Animal Property Rights, Totems and Zoöps

Posted March 3, 2019 by Theun Karelse

In “Animal Property Rights, a theory of habitat rights for wild animals” John Hadley explores if animal territories could form the basis of an alternative approach to conservation and potentially even a way to bridge the sometimes bitter divide between animal rights advocates and environmentalists. Who center intrinsic value either on individual organisms or on biomes. Hadley sees how territory might form a bridge between the two.

Animal Property is proposed as a very practical and tangible adaptation to existing conservation practices. Practical since it forms the backbone of human societies. When animal territories are adopted to delineate conservation areas this would form areas more suited to those species than the current model based on human property, which often don’t overlap with species territories. Conservation areas would overlap just as territories of species do. And - Hadley argues - our existing Liberal Property Right Theory doesn’t need much reshuffling to accommodate other creatures. Animals would then be represented by custodians.

For those familiar with Bill Gamage’s “The Biggest Estate on Earth: how Aborigines made Australia” this rings a lot of bells. The book describes how Aboriginal Songlines and Totems shaped a deeply ecocentric culture. If your families Totem was Emu, you shared Emu Dreaming with the animal, and your family was responsible for its well being and it's habitat. If Emu weren’t doing well, then Emu habitat wasn’t doing well. That all sounds fairly familiar, however Aboriginal culture makes a crucial step beyond those responsibilities of a custodian; in addition to representing the animal and its territory, the Aboriginal family would be considered in crisis themselves if their Totem wasn’t well or their Totem’s habitat wasn’t well. If the Dreaming they all share were corrupted then humans themselves were considered to be in trouble as much as their totem animals.

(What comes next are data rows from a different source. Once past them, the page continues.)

text \<open>Switch by s and contract the parts: inner edges become positive and are absorbed, while by
  saturation every pair of adjacent parts ends up joined by edges of both signs.\<close>
lemma is_sminor_saturated_quotient:
  assumes wf: "wf_graph S" and bp: "balanced_partition S p s" and sat: "saturated_partition S p s"
  obtains S1 where "is_sminor S1 S" "wf_graph S1" "loopless S1" "doubly_signed S1"
    "partition_quotient S p S1"
proof -
  obtain \<sigma> where Ss: "is_sminor (S\<lparr>sign := \<sigma>\<rparr>) S" and \<sigma>: "\<forall>e\<in>edges S. \<sigma> e = switched S s e"
    using is_sminor_switch[OF wf] .
  let ?Ss = "S\<lparr>sign := \<sigma>\<rparr>" and ?\<rho> = "\<lambda>v. if v \<in> verts S then Some (p v) else None"
  have wf': "wf_graph ?Ss" and cp: "connected_partition ?Ss p"
    using wf bp by (simp_all add: wf_graph_def balanced_partition_def connected_partition_def)
  have "branch_map ?Ss (sign ?Ss) ?\<rho>"
    using branch_map_partition[OF cp] bp \<sigma> by (simp add: balanced_partition_def)
  note bm = this
  obtain S1 where S1: "is_sminor S1 ?Ss" "branch_quotient ?Ss ?\<rho> S1"
    using is_sminor_branch_quotient[OF wf' bm] .
  have wf1: "wf_graph S1" using wf_graph_branch_quotient[OF wf' bm S1(2)] .
  have pq: "partition_quotient S p S1" and E1: "edges S1 = {e \<in> edges S. card (p ` ends S e) = 2}"
    using partition_quotient_branch_quotient[OF wf' cp] S1(2) by (simp_all add: partition_quotient_def)
  have sign1: "sign S1 = \<sigma>" using S1(2) by (simp add: branch_quotient_def)
  have "doubly_signed S1"
    unfolding doubly_signed_def
  proof
    fix e assume "e \<in> edges S1"
    then have e: "e \<in> edges S" "card (p ` ends S e) = 2" using E1 by auto
    then obtain f1 f2 where f: "f1 \<in> edges S" "p ` ends S f1 = p ` ends S e" "switched S s f1"
      "f2 \<in> edges S" "p ` ends S f2 = p ` ends S e" "\<not> switched S s f2"
      using sat by (auto simp: saturated_partition_def)
    have "f \<in> edges S1 \<and> ends S1 f = ends S1 e" if "f \<in> edges S" "p ` ends S f = p ` ends S e" for f
      using pq e that by (simp add: partition_quotient_def)
    then show "(\<exists>f\<in>edges S1. ends S1 f = ends S1 e \<and> sign S1 f) \<and>
        (\<exists>f\<in>edges S1. ends S1 f = ends S1 e \<and> \<not> sign S1 f)"
      using f sign1 \<sigma> by metis
  qed
  moreover have "is_sminor S1 S" using S1(1) Ss by (rule is_sminor_trans)
  ultimately show ?thesis using that wf1 pq loopless_branch_quotient[OF S1(2)] by blast
qed
(* Let $R$ be a commutative Noetherian ring with $\dim R=2$ having only finitely many prime ideals of height two. Then $\operatorname{Spec} R$, ordered by inclusion, is a $K$-poset.
   Context: For a poset $U$: $\dim U$ is the supremum of lengths of chains; $L(u)=\{v\le u\}$, $G(u)=\{v\ge u\}$, $L(u)^*=L(u)\setminus\{u\}$, $G(u)^*=G(u)\setminus\{u\}$; height of $u$ is $\dim L(u)$; $H_i$ is the set of nodes of height $i$. For nonempty $A\subseteq U$, $\operatorname{mub}A$ is the set of minimal elements among the common upper bounds of $A$. $[b/c]$ denotes the set of $u$ with $G(u)^*=\{b\}$ and $L(u)^*=\{c\}$. A poset $U$ with $\dim U\le 2$ is a $K$-poset if: (1) $\min U$ and $H_2$ are finite; (2) for distinct $u,v\in\min U$, $\operatorname{mub}\{u,v\}$ is finite; (3) whenever $u>v>w$ for some $v$, $[u/w]$ is infinite. *)

theory Defs
  imports "HOL-Algebra.Ring_Divisibility" "HOL-Library.Extended_Nat"
begin

text \<open>Posets are given by a carrier set U and an order relation r (assumed to be a
partial order on U). Strict order: r u v and u \<noteq> v.\<close>

definition fin_chains :: "'a set \<Rightarrow> ('a \<Rightarrow> 'a \<Rightarrow> bool) \<Rightarrow> 'a set set" where
  "fin_chains U r = {C. C \<subseteq> U \<and> C \<noteq> {} \<and> finite C \<and> (\<forall>x\<in>C. \<forall>y\<in>C. r x y \<or> r y x)}"

definition pdim :: "'a set \<Rightarrow> ('a \<Rightarrow> 'a \<Rightarrow> bool) \<Rightarrow> enat" where
  "pdim U r = Sup ((\<lambda>C. enat (card C - 1)) ` fin_chains U r)"

definition downset :: "'a set \<Rightarrow> ('a \<Rightarrow> 'a \<Rightarrow> bool) \<Rightarrow> 'a \<Rightarrow> 'a set" where
  "downset U r u = {v\<in>U. r v u}"

definition upset :: "'a set \<Rightarrow> ('a \<Rightarrow> 'a \<Rightarrow> bool) \<Rightarrow> 'a \<Rightarrow> 'a set" where
  "upset U r u = {v\<in>U. r u v}"

definition pheight :: "'a set \<Rightarrow> ('a \<Rightarrow> 'a \<Rightarrow> bool) \<Rightarrow> 'a \<Rightarrow> enat" where
  "pheight U r u = pdim (downset U r u) r"

definition Hlevel :: "'a set \<Rightarrow> ('a \<Rightarrow> 'a \<Rightarrow> bool) \<Rightarrow> nat \<Rightarrow> 'a set" where
  "Hlevel U r i = {u\<in>U. pheight U r u = enat i}"

definition minset :: "'a set \<Rightarrow> ('a \<Rightarrow> 'a \<Rightarrow> bool) \<Rightarrow> 'a set" where
  "minset U r = {u\<in>U. \<forall>v\<in>U. r v u \<longrightarrow> v = u}"

definition mub :: "'a set \<Rightarrow> ('a \<Rightarrow> 'a \<Rightarrow> bool) \<Rightarrow> 'a set \<Rightarrow> 'a set" where
  "mub U r A = minset {w\<in>U. \<forall>a\<in>A. r a w} r"

text \<open>[b/c]: nodes u with G(u)* = {b} and L(u)* = {c}.\<close>
definition between :: "'a set \<Rightarrow> ('a \<Rightarrow> 'a \<Rightarrow> bool) \<Rightarrow> 'a \<Rightarrow> 'a \<Rightarrow> 'a set" where
  "between U r b c = {u\<in>U. upset U r u - {u} = {b} \<and> downset U r u - {u} = {c}}"

definition K_poset :: "'a set \<Rightarrow> ('a \<Rightarrow> 'a \<Rightarrow> bool) \<Rightarrow> bool" where
  "K_poset U r \<longleftrightarrow>
     pdim U r \<le> 2 \<and>
     finite (minset U r) \<and> finite (Hlevel U r 2) \<and>
     (\<forall>u\<in>minset U r. \<forall>v\<in>minset U r. u \<noteq> v \<longrightarrow> finite (mub U r {u, v})) \<and>
     (\<forall>u\<in>U. \<forall>w\<in>U. (\<exists>v\<in>U. r v u \<and> v \<noteq> u \<and> r w v \<and> w \<noteq> v)
        \<longrightarrow> infinite (between U r u w))"

definition Spec :: "('a, 'b) ring_scheme \<Rightarrow> 'a set set" where
  "Spec R = {P. primeideal P R}"

definition krull_dim :: "('a, 'b) ring_scheme \<Rightarrow> enat" where
  "krull_dim R = pdim (Spec R) (\<subseteq>)"

end

theory Submission
  imports Defs "HOL-Algebra.Ideal_Product"
begin

text \<open>Since \<open>R\<close> is Noetherian, \<open>Spec R\<close> has finitely many minimal primes, and two primes
  have finitely many minimal upper bounds, namely among the minimal primes over their sum; the
  height-two primes are finite by hypothesis. For the last condition let \<open>w \<subset> v \<subset> u\<close>
  be primes, so \<open>u\<close> is maximal and \<open>w\<close> minimal in \<open>Spec R\<close>. If \<open>[u/w]\<close> were finite,
  prime avoidance would give \<open>x \<in> u\<close> lying outside \<open>w\<close>, outside \<open>[u/w]\<close>, outside
  the other primes of height two and outside the minimal upper bounds other than \<open>u\<close> of \<open>w\<close>
  and another minimal prime. Krull's principal ideal theorem in \<open>R/w\<close> yields a prime
  \<open>Q \<subset> u\<close> containing \<open>w\<close> and \<open>x\<close>, and the choice of \<open>x\<close> forces \<open>Q \<in> [u/w]\<close>,
  a contradiction.

  The principal ideal theorem is proved from scratch, with localizations encoded by saturations:
  for primes \<open>w \<subset> p \<subset> u\<close> with \<open>u\<close> minimal over \<open>w + (x)\<close>, the ring
  \<open>R\<^sub>u/(w + (x))\<close> is Artinian, so the saturated powers of \<open>p\<close> modulo \<open>w\<close> stabilize, and
  Nakayama's lemma then forces \<open>p\<^sup>n \<subseteq> w\<close>.\<close>

context ring
begin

In the case of pressing environmental issues a meeting would be convened with representatives of many other Totems that may be affected. And these different Totems may have conflicting interests - what may benefit Emu, may not benefit Fire-ant or Viper or River. The different representatives then find common ground on behalf of their Totems. Crucial to all this - according to Gammage - is that the Aboriginal worldview is static. This means that there is always a common interest to gravitate towards, whereas in a linear perspective change may be more open ended, making a preferred outcome less easily defined.

The worldview is cyclical, so Emu Dreaming conflates history and present.

In the BBC documentary “How Art Began” Anthony Gormley can be seen lying on his back to take in the splendor of Aboriginal rock paintings in the heat of the Australian bush. Gormey eloquently describes his direct impressions of seeing a large Wallaby depicted on the rock. Although the image may have been made centuries or millennia ago - Gormley says - it still feels alive, as if it was made yesterday. He feels that such vitality makes that this art does not belong to some archaic age long passed, but should absolutely be considered contemporary art.

Somehow the art has captured the experience of non-linear time and like the Dreaming conflates history and present.

With Latour’s 'Parliament of Things' and natural areas like mountains, rivers and lakes being given legal personhood or even natural personhood, there is much interest at the moment in representation of non-humans. For those who are interested in such topics the way Aboriginals took one step beyond mere representation might be worth exploring.


FoAM Amsterdam is participating in an experimental set-up called Zoöp at Het Nieuwe Instituut, which explores which kinds of infrastructures and organisational models might enable a natural area to represent itself within human society. I don’t really expect to solve the representation question in this set-up, but am interested to see if we could get it to a point where it fails meaningfully - that is - where these infrastructures break down in ways that reveal deeper assumptions, discrepancies and blind-spots that we may currently be unaware off or misinterpret.